只是给他压力很大的生活一点少许的调剂而已。
不过,他会把对他而言最重要的钱留给我一部分,那可是赵逸海,钻钱眼里的

。
除了必须的衣食住行,和还他爷爷姑姑的钱,剩下的都留给我了。
会不会,他只是需要钱,但是对他而言最重要的,其实是我?
我被这个想法吓了一跳,咬到了舌尖,疼的直抽气。
疼痛使我很快的清醒过来,还是不要太自以为是了,他只是把钱存在了一个叫“然然”的账户里而已。>ltxsba@gmail.com>
我把餐盘收拾好,他正好也回来了。
我伸出被咬

的舌尖给他看,含含糊糊的说,“咬到了,疼。
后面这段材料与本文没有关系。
text \<open>The ring \<open>S\<close> of the paper is the ambient type \<open>'a\<close>.\<close>

locale galois_chain_ext = chain_subring +
  fixes \<sigma> :: "'a::comm_ring_1 \<Rightarrow> 'a"
  assumes finite_UNIV: "finite (UNIV :: 'a set)"
    and nontriv: "(0::'a) \<noteq> 1"
    and ring_aut: "ring_aut \<sigma>"
    and fixed_ring: "{y. \<sigma> y = y} = R"
    and frobenius: "\<And>y. \<sigma> y - y ^ residue_card R \<in> ext_ideal R"
begin

abbreviation \<pi> :: 'a where "\<pi> \<equiv> uniformizer R"

lemma finite_R: "finite R"
  using finite_UNIV by (rule finite_subset[rotated]) simp

lemma uniformizer_mem: "\<pi> \<in> R"
  using uniformizer_generates_max_ideal(1)[OF finite_R nontriv] max_ideal_subset by blast

lemma uniformizer_dvd_max_ideal:
  assumes "c \<in> max_ideal R"
  shows "\<pi> dvd c"
proof -
  obtain r where "c = r * \<pi>"
    using uniformizer_generates_max_ideal(2)[OF finite_R nontriv assms] unfolding divides_in_def by blast
  then show ?thesis by simp
qed

lemma uniformizer_dvd_ext_ideal:
  assumes "y \<in> ext_ideal R"
  shows "\<pi> dvd y"
proof -
  obtain k :: nat and c s where c: "\<forall>i<k. c i \<in> max_ideal R" and y: "y = (\<Sum>i<k. c i * s i)"
    using assms unfolding ext_ideal_def by blast
  show ?thesis
    unfolding y by (intro dvd_sum dvd_mult2 uniformizer_dvd_max_ideal) (use c in auto)
qed

lemma uniformizer_dvd_frobenius_funpow: "\<pi> dvd (\<sigma> ^^ k) y - y ^ (residue_card R ^ k)"
proof (induction k)
  case (Suc k)
  let ?q = "residue_card R"
  have "\<pi> dvd (\<sigma> ((\<sigma> ^^ k) y) - ((\<sigma> ^^ k) y) ^ ?q) + (((\<sigma> ^^ k) y) ^ ?q - (y ^ (?q ^ k)) ^ ?q)"
    using uniformizer_dvd_ext_ideal[OF frobenius] dvd_diff_power[OF Suc.IH] by (rule dvd_add)
  then show ?case by (simp add: power_mult[symmetric] mult.commute)
qed simp
theorem lemma5p5:
  fixes \<Omega> :: "(real \<times> real) set" and \<alpha> \<beta> :: "real \<times> real \<Rightarrow> real" and \<zeta> :: "real \<times> real"
  assumes "open \<Omega>"
    and "C1_on \<Omega> \<alpha>" and "C1_on \<Omega> \<beta>"
    and "\<forall>z\<in>\<Omega>. 4 * \<alpha> z - (\<beta> z)^2 > 0"
    and "rigid \<Omega> \<alpha> \<beta>"
    and "\<zeta> \<in> \<Omega>"
  shows "(\<forall>z\<in>\<Omega> - {\<zeta>}. ainvertible (\<alpha> z) (\<beta> z) (Zker \<zeta> z))
    \<and> C1_section_on (\<Omega> - {\<zeta>}) (\<lambda>z. ainv (\<alpha> z) (\<beta> z) (Zker \<zeta> z))
    \<and> (\<forall>z\<in>\<Omega> - {\<zeta>}. sdzbar \<alpha> \<beta> (\<lambda>w. ainv (\<alpha> w) (\<beta> w) (Zker \<zeta> w)) z = 0)"
proof (intro conjI ballI)
  let ?S = "\<Omega> - {\<zeta>}" and ?Zinv = "\<lambda>w. ainv (\<alpha> w) (\<beta> w) (Zker \<zeta> w)"
  have S: "open ?S"
    using assms(1) by (simp add: open_Diff)
  have anorm_nonzero: "anorm (\<alpha> z) (\<beta> z) (Zker \<zeta> z) \<noteq> 0" if "z \<in> ?S" for z
    using anorm_pos[of "\<alpha> z" "\<beta> z" "Zker \<zeta> z"] assms(4) that
    by (auto simp: Zker_def prod_eq_iff)
  show invertible: "ainvertible (\<alpha> z) (\<beta> z) (Zker \<zeta> z)" if "z \<in> ?S" for z
    using anorm_nonzero[OF that] by (rule ainv_conj(1))
  show C1: "C1_section_on ?S ?Zinv"
    using assms(2,3) anorm_nonzero
    by (intro C1_section_on_ainv S C1_section_on_Zker) (auto intro: C1_on_subset)
  show "sdzbar \<alpha> \<beta> ?Zinv z = 0" if "z \<in> ?S" for z
  proof (rule sdzbar_amul_inverse_eq_0[OF S that])
    show "4 * \<alpha> z - (\<beta> z)\<^sup>2 \<noteq> 0"
      using assms(4) that by force
    show "\<alpha> differentiable (at z)" "\<beta> differentiable (at z)"
      using assms(2,3) that by (auto simp: C1_on_def)
    show "(\<lambda>w. fst (Zker \<zeta> w)) differentiable (at z)" "(\<lambda>w. snd (Zker \<zeta> w)) differentiable (at z)"
      using C1_section_on_Zker[of ?S \<zeta>] that by (auto simp: C1_section_on_def C1_on_def)
    show "(\<lambda>w. fst (?Zinv w)) differentiable (at z)" "(\<lambda>w. snd (?Zinv w)) differentiable (at z)"
      using C1 that by (auto simp: C1_section_on_def C1_on_def)
    show "amul (\<alpha> w) (\<beta> w) (Zker \<zeta> w) (?Zinv w) = (1, 0)" if "w \<in> ?S" for w
      using invertible[OF that] by (rule amul_ainv)
    show "sdzbar \<alpha> \<beta> (Zker \<zeta>) z = 0"
      using assms(5) that by (auto intro: sdzbar_Zker_eq_0)
  qed
qed

end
”
他低下

,在离我舌尖几厘米的地方轻轻吹气。
几个

端着餐盘从赵逸海后面过去,看了我们几眼,估计以为我们俩大喇喇的站在食堂亲嘴呢。

看看去!
我按着赵逸海后脑勺往下压,狠狠地在他额

上亲个声音很响亮的嘴。╒寻╜回?╒地★址╗ шщш.Ltxsdz.cōm
(三十二)好狗狗
赵逸海陪了我两三天,中间接了好几次电话,推了很多工作,因为他来接机就是临时安排的时间,很多工作都没有提前安排。
虽说他说要多陪陪我,我也想让他在我身边,但是这种休息也不踏实的状态让我都替他难受,于是我善解

意地说,“你回去工作吧,等你这个阶段忙完了再来找我。”
他捏着我的手心很小声的道歉,“对不起。”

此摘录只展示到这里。